> [Activity] Only the count is wanted here: how many lines of the entries hold the string "metis"?

> [Task input]
lemma sum_neg_one_pow_Pow:
  assumes "CHAR('a::ring_1) = 2" and "finite A" and "\<forall>i\<in>A. z i \<in> {0, 1}"
  shows "(\<Sum>S\<in>Pow A. neg_one_pow (\<Sum>i\<in>S. z i :: 'a)) = (if \<forall>i\<in>A. z i = 0 then 2 ^ card A else 0)"
proof -
  have "(\<Sum>S\<in>Pow A. neg_one_pow (\<Sum>i\<in>S. z i)) = (\<Sum>S\<in>Pow A. (\<Prod>i\<in>S. neg_one_pow (z i)) * (\<Prod>i\<in>A - S. 1))"
    using assms(3) by (intro sum.cong refl) (simp add: neg_one_pow_sum[OF assms(1)] subset_iff)
  also have "\<dots> = (\<Prod>i\<in>A. neg_one_pow (z i) + 1)"
    by (rule prod_add[OF assms(2), symmetric])
  also have "\<dots> = (if \<forall>i\<in>A. z i = 0 then 2 ^ card A else 0)"
    using assms(2) by (auto simp: neg_one_pow_def)
  finally show ?thesis .
qed

lemma boolean_character_orthogonality:
  assumes char: "CHAR('a::ring_1) = 2" and "finite I" and y01: "\<forall>i\<in>I. y i \<in> {0, 1}"
    and "T \<subseteq> I"
  shows "(\<Sum>S\<in>Pow I. (-1) ^ card (S \<inter> T) * neg_one_pow (\<Sum>i\<in>S. y i :: 'a))
    = (if T = {i \<in> I. y i = 1} then 2 ^ card I else 0)"
proof -
  have z01: "\<forall>i\<in>I. of_bool (i \<in> T) + y i \<in> {0, 1 :: 'a}"
    using y01 by (intro ballI add_in_zero_one[OF char]) simp_all
  have "(\<Sum>S\<in>Pow I. (-1) ^ card (S \<inter> T) * neg_one_pow (\<Sum>i\<in>S. y i))
      = (\<Sum>S\<in>Pow I. neg_one_pow (\<Sum>i\<in>S. of_bool (i \<in> T) + y i))"
  proof (intro sum.cong refl)
    fix S assume "S \<in> Pow I"
    then have "finite S" and yS: "\<forall>i\<in>S. y i \<in> {0, 1}"
      using y01 \<open>finite I\<close> finite_subset by auto
    have "neg_one_pow (\<Sum>i\<in>S. of_bool (i \<in> T) + y i)
        = neg_one_pow (\<Sum>i\<in>S. of_bool (i \<in> T) :: 'a) * neg_one_pow (\<Sum>i\<in>S. y i)"
      unfolding sum.distrib using yS
      by (intro neg_one_pow_add[OF char] sum_in_zero_one[OF char]) simp_all
    then show "(-1) ^ card (S \<inter> T) * neg_one_pow (\<Sum>i\<in>S. y i)
        = neg_one_pow (\<Sum>i\<in>S. of_bool (i \<in> T) + y i)"
      by (simp only: neg_one_pow_sum_indicator[OF char \<open>finite S\<close>])
  qed
  moreover have "(\<forall>i\<in>I. of_bool (i \<in> T) + y i = (0::'a)) \<longleftrightarrow> T = {i \<in> I. y i = 1}"
    using \<open>T \<subseteq> I\<close> y01 by (simp only: add_eq_0_iff_eq_CHAR_2[OF char]) auto
  ultimately show ?thesis
    using sum_neg_one_pow_Pow[OF char \<open>finite I\<close> z01] by simp
qed

text \<open>A point of the cube {0,1}^I is encoded by its support T \<subseteq> I.\<close>

lemma boolean_fourier_expansion:
  fixes \<phi> :: "('i \<Rightarrow> 'a::ring_1) \<Rightarrow> int"
  assumes char: "CHAR('a) = 2" and "finite I" and y01: "\<forall>i\<in>I. y i \<in> {0, 1}"
    and \<phi>_local: "\<And>y'. \<forall>i\<in>I. y' i = y i \<Longrightarrow> \<phi> y' = \<phi> y"
  shows "2 ^ card I * \<phi> y = (\<Sum>S\<in>Pow I. \<Sum>T\<in>Pow I.
    \<phi> (\<lambda>i. of_bool (i \<in> T)) * (-1) ^ card (S \<inter> T) * neg_one_pow (\<Sum>i\<in>S. y i))"
proof -
  define T0 where "T0 = {i \<in> I. y i = 1}"
  have "(\<Sum>S\<in>Pow I. \<Sum>T\<in>Pow I. \<phi> (\<lambda>i. of_bool (i \<in> T)) * (-1) ^ card (S \<inter> T) * neg_one_pow (\<Sum>i\<in>S. y i))
      = (\<Sum>T\<in>Pow I. \<phi> (\<lambda>i. of_bool (i \<in> T)) *
          (\<Sum>S\<in>Pow I. (-1) ^ card (S \<inter> T) * neg_one_pow (\<Sum>i\<in>S. y i)))"
    by (subst sum.swap) (simp add: sum_distrib_left mult.assoc)
  also have "\<dots> = (\<Sum>T\<in>Pow I. if T = T0 then \<phi> (\<lambda>i. of_bool (i \<in> T)) * 2 ^ card I else 0)"
    unfolding T0_def
    by (intro sum.cong refl) (simp add: boolean_character_orthogonality[OF char \<open>finite I\<close> y01])
  also have "\<dots> = \<phi> (\<lambda>i. of_bool (i \<in> T0)) * 2 ^ card I"
    using \<open>finite I\<close> by (simp add: T0_def)
  also have "\<phi> (\<lambda>i. of_bool (i \<in> T0)) = \<phi> y"
    using y01 by (intro \<phi>_local) (auto simp: T0_def)
  finally show ?thesis by simp
qed

lemma second_deriv_commute: "second_deriv f a b x = second_deriv f b a x"
  by (simp add: second_deriv_def ac_simps)

lemma second_deriv_zero_imp_affine_on_sums:
  fixes f :: "'a::field \<Rightarrow> 'a"
  assumes char: "CHAR('a) = 2" and "finite S"
    and dd: "\<And>i j x. i \<in> S \<Longrightarrow> j \<in> S \<Longrightarrow> i \<noteq> j \<Longrightarrow> second_deriv f (u i) (u j) x = 0"
  shows "f (a + (\<Sum>j\<in>S. u j)) = f a + (\<Sum>j\<in>S. f (a + u j) + f a)"
  using assms(2,3)
proof (induction S arbitrary: a rule: finite_induct)
  case (insert i S)
  have pair: "f (a + u i + u j) + f (a + u i) = f (a + u j) + f a" if "j \<in> S" for j
  proof -
    have "second_deriv f (u i) (u j) a = 0"
      using insert.prems insert.hyps(2) that by (metis insertCI)
    then have "(f (a + u i + u j) + f (a + u i)) + (f (a + u j) + f a) = 0"
      by (simp add: second_deriv_def ac_simps)
    then show ?thesis
      by (simp add: add_eq_0_iff_eq_CHAR_2[OF char])
  qed
  have "f (a + (\<Sum>j\<in>insert i S. u j)) = f (a + u i + (\<Sum>j\<in>S. u j))"
    using insert.hyps by (simp add: ac_simps)
  also have "\<dots> = f (a + u i) + (\<Sum>j\<in>S. f (a + u i + u j) + f (a + u i))"
    using insert.prems by (intro insert.IH) auto
  also have "\<dots> = f (a + u i) + (\<Sum>j\<in>S. f (a + u j) + f a)"
    using pair by simp
  also have "\<dots> = f a + (\<Sum>j\<in>insert i S. f (a + u j) + f a)"
    using insert.hyps add_self_CHAR_2[OF char, of "f a"] by (simp add: ac_simps)
  finally show ?case .
qed simp

lemma walsh_eq_sum_neg_one_pow: "walsh n f a = (\<Sum>x\<in>UNIV. neg_one_pow (f x + tr n (a * x)))"
  by (simp add: walsh_def neg_one_pow_def)

lemma dual_in_zero_one: "dual n g b \<in> {0, 1}"
  by (simp add: dual_def)

lemma walsh_bent:
  assumes "bent n g"
  shows "walsh n g b = 2 ^ (n div 2) * neg_one_pow (dual n g b)"
proof -
  have "\<bar>walsh n g b\<bar> = 2 ^ (n div 2)"
    using assms by (simp add: bent_def)
  then have "walsh n g b = 2 ^ (n div 2) \<or> walsh n g b = - (2 ^ (n div 2))"
    by (auto simp: abs_if split: if_splits)
  then show ?thesis
    by (auto simp: dual_def neg_one_pow_def)
qed

lemma walsh_bent_shift_by_sum:
  fixes g :: "'a::{field,finite} \<Rightarrow> 'a" and u :: "'i \<Rightarrow> 'a"
  assumes char: "CHAR('a) = 2" and "bent n g" and "finite S"
    and dual_dd: "\<And>i j x. i \<in> S \<Longrightarrow> j \<in> S \<Longrightarrow> i \<noteq> j \<Longrightarrow> second_deriv (dual n g) (u i) (u j) x = 0"
  shows "walsh n g (a + (\<Sum>j\<in>S. u j)) = 2 ^ (n div 2)
    * (neg_one_pow (dual n g a) * neg_one_pow (\<Sum>i\<in>S. dual n g (a + u i) + dual n g a))"
proof -
  have affine: "dual n g (a + (\<Sum>j\<in>S. u j)) = dual n g a + (\<Sum>i\<in>S. dual n g (a + u i) + dual n g a)"
    by (rule second_deriv_zero_imp_affine_on_sums[OF char \<open>finite S\<close> dual_dd])
  have "(\<Sum>i\<in>S. dual n g (a + u i) + dual n g a) \<in> {0, 1}"
    by (intro sum_in_zero_one[OF char] ballI add_in_zero_one[OF char] dual_in_zero_one)
  then show ?thesis
    unfolding walsh_bent[OF \<open>bent n g\<close>] affine
    by (simp only: neg_one_pow_add[OF char dual_in_zero_one])
qed

context
  fixes n :: nat
  assumes card: "card (UNIV :: 'a::{field,finite} set) = 2 ^ n" and char: "CHAR('a) = 2"
begin

lemma tr_in_zero_one_card: "tr n (x :: 'a) \<in> {0, 1}"
  using tr_in_zero_one[OF char] power_card_UNIV_eq_self[of x] card by simp

lemma neg_one_pow_tr_mult:
  assumes "v \<in> {0, 1}"
  shows "neg_one_pow (v + tr n (a * x)) * neg_one_pow (tr n (b * x :: 'a))
    = neg_one_pow (v + tr n ((a + b) * x))"
proof -
  have "neg_one_pow (v + tr n ((a + b) * x)) = neg_one_pow ((v + tr n (a * x)) + tr n (b * x))"
    by (simp add: distrib_right tr_add[OF char] add.assoc)
  also have "\<dots> = neg_one_pow (v + tr n (a * x)) * neg_one_pow (tr n (b * x))"
    by (intro neg_one_pow_add[OF char] add_in_zero_one[OF char] assms tr_in_zero_one_card)
  finally show ?thesis by simp
qed

lemma neg_one_pow_boolean_of_traces_expansion:
  fixes u :: "'i \<Rightarrow> 'a" and F :: "('i \<Rightarrow> 'a) \<Rightarrow> 'a"
  assumes "finite I" and F_local: "\<And>y y'. \<forall>i\<in>I. y' i = y i \<Longrightarrow> F y' = F y"
  shows "2 ^ card I * neg_one_pow (F (\<lambda>i. tr n (u i * x)))
    = (\<Sum>S\<in>Pow I. \<Sum>T\<in>Pow I. neg_one_pow (F (\<lambda>i. of_bool (i \<in> T))) * (-1) ^ card (S \<inter> T)
        * neg_one_pow (tr n ((\<Sum>j\<in>S. u j) * x)))"
proof -
  have "\<forall>i\<in>I. tr n (u i * x) \<in> {0, 1}"
    using tr_in_zero_one_card by blast
  then have "2 ^ card I * neg_one_pow (F (\<lambda>i. tr n (u i * x)))
      = (\<Sum>S\<in>Pow I. \<Sum>T\<in>Pow I. neg_one_pow (F (\<lambda>i. of_bool (i \<in> T))) * (-1) ^ card (S \<inter> T)
          * neg_one_pow (\<Sum>j\<in>S. tr n (u j * x)))"
    by (intro boolean_fourier_expansion[where \<phi> = "\<lambda>y. neg_one_pow (F y)", OF char \<open>finite I\<close>]
        arg_cong[where f = neg_one_pow] F_local)
  then show ?thesis
    by (simp add: tr_sum[OF char] sum_distrib_right)
qed

lemma walsh_add_boolean_of_traces_expansion:
  fixes g :: "'a \<Rightarrow> 'a" and u :: "'i \<Rightarrow> 'a" and F :: "('i \<Rightarrow> 'a) \<Rightarrow> 'a"
  assumes "bool_fun g" and "finite I"
    and F01: "\<And>y. \<forall>i\<in>I. y i \<in> {0, 1} \<Longrightarrow> F y \<in> {0, 1}"
    and F_local: "\<And>y y'. \<forall>i\<in>I. y' i = y i \<Longrightarrow> F y' = F y"
  shows "2 ^ card I * walsh n (\<lambda>x. g x + F (\<lambda>i. tr n (u i * x))) a
    = (\<Sum>S\<in>Pow I. \<Sum>T\<in>Pow I. neg_one_pow (F (\<lambda>i. of_bool (i \<in> T))) * (-1) ^ card (S \<inter> T)
        * walsh n g (a + (\<Sum>j\<in>S. u j)))"
proof -
  let ?L = "\<lambda>x i. tr n (u i * x)"
  define K where "K S T = neg_one_pow (F (\<lambda>i. of_bool (i \<in> T))) * (-1) ^ card (S \<inter> T)"
    for S T :: "'i set"
  have g01: "g x \<in> {0, 1}" for x
    using \<open>bool_fun g\<close> by (simp add: bool_fun_def)
  have L01: "\<forall>i\<in>I. ?L x i \<in> {0, 1}" for x
    using tr_in_zero_one_card by blast
  have fourier: "2 ^ card I * neg_one_pow (F (?L x))
      = (\<Sum>S\<in>Pow I. \<Sum>T\<in>Pow I. K S T * neg_one_pow (tr n ((\<Sum>j\<in>S. u j) * x)))" for x
    unfolding K_def by (rule neg_one_pow_boolean_of_traces_expansion[OF \<open>finite I\<close> F_local])
  have split: "neg_one_pow (g x + F (?L x) + tr n (a * x))
      = neg_one_pow (g x + tr n (a * x)) * neg_one_pow (F (?L x))" for x
  proof -
    have "g x + F (?L x) + tr n (a * x) = (g x + tr n (a * x)) + F (?L x)"
      by (simp add: ac_simps)
    then show ?thesis
      by (simp only: neg_one_pow_add[OF char add_in_zero_one[OF char g01 tr_in_zero_one_card] F01[OF L01]])
  qed
  have shift: "neg_one_pow (g x + tr n (a * x)) * (K S T * neg_one_pow (tr n (b * x)))
      = K S T * neg_one_pow (g x + tr n ((a + b) * x))" for x S T b
    by (metis mult.left_commute neg_one_pow_tr_mult[OF g01[of x]])
  have "2 ^ card I * walsh n (\<lambda>x. g x + F (?L x)) a
      = (\<Sum>x\<in>UNIV. neg_one_pow (g x + tr n (a * x)) * (2 ^ card I * neg_one_pow (F (?L x))))"
    by (simp add: walsh_eq_sum_neg_one_pow split sum_distrib_left mult.left_commute)
  also have "\<dots> = (\<Sum>x\<in>UNIV. \<Sum>S\<in>Pow I. \<Sum>T\<in>Pow I.
      K S T * neg_one_pow (g x + tr n ((a + (\<Sum>j\<in>S. u j)) * x)))"
    by (simp add: fourier sum_distrib_left shift)
  also have "\<dots> = (\<Sum>S\<in>Pow I. \<Sum>T\<in>Pow I. K S T * walsh n g (a + (\<Sum>j\<in>S. u j)))"
    by (simp add: walsh_eq_sum_neg_one_pow sum_distrib_left sum.swap[of _ UNIV "Pow I"])
  finally show ?thesis
    by (simp add: K_def)
qed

> [Reply] 2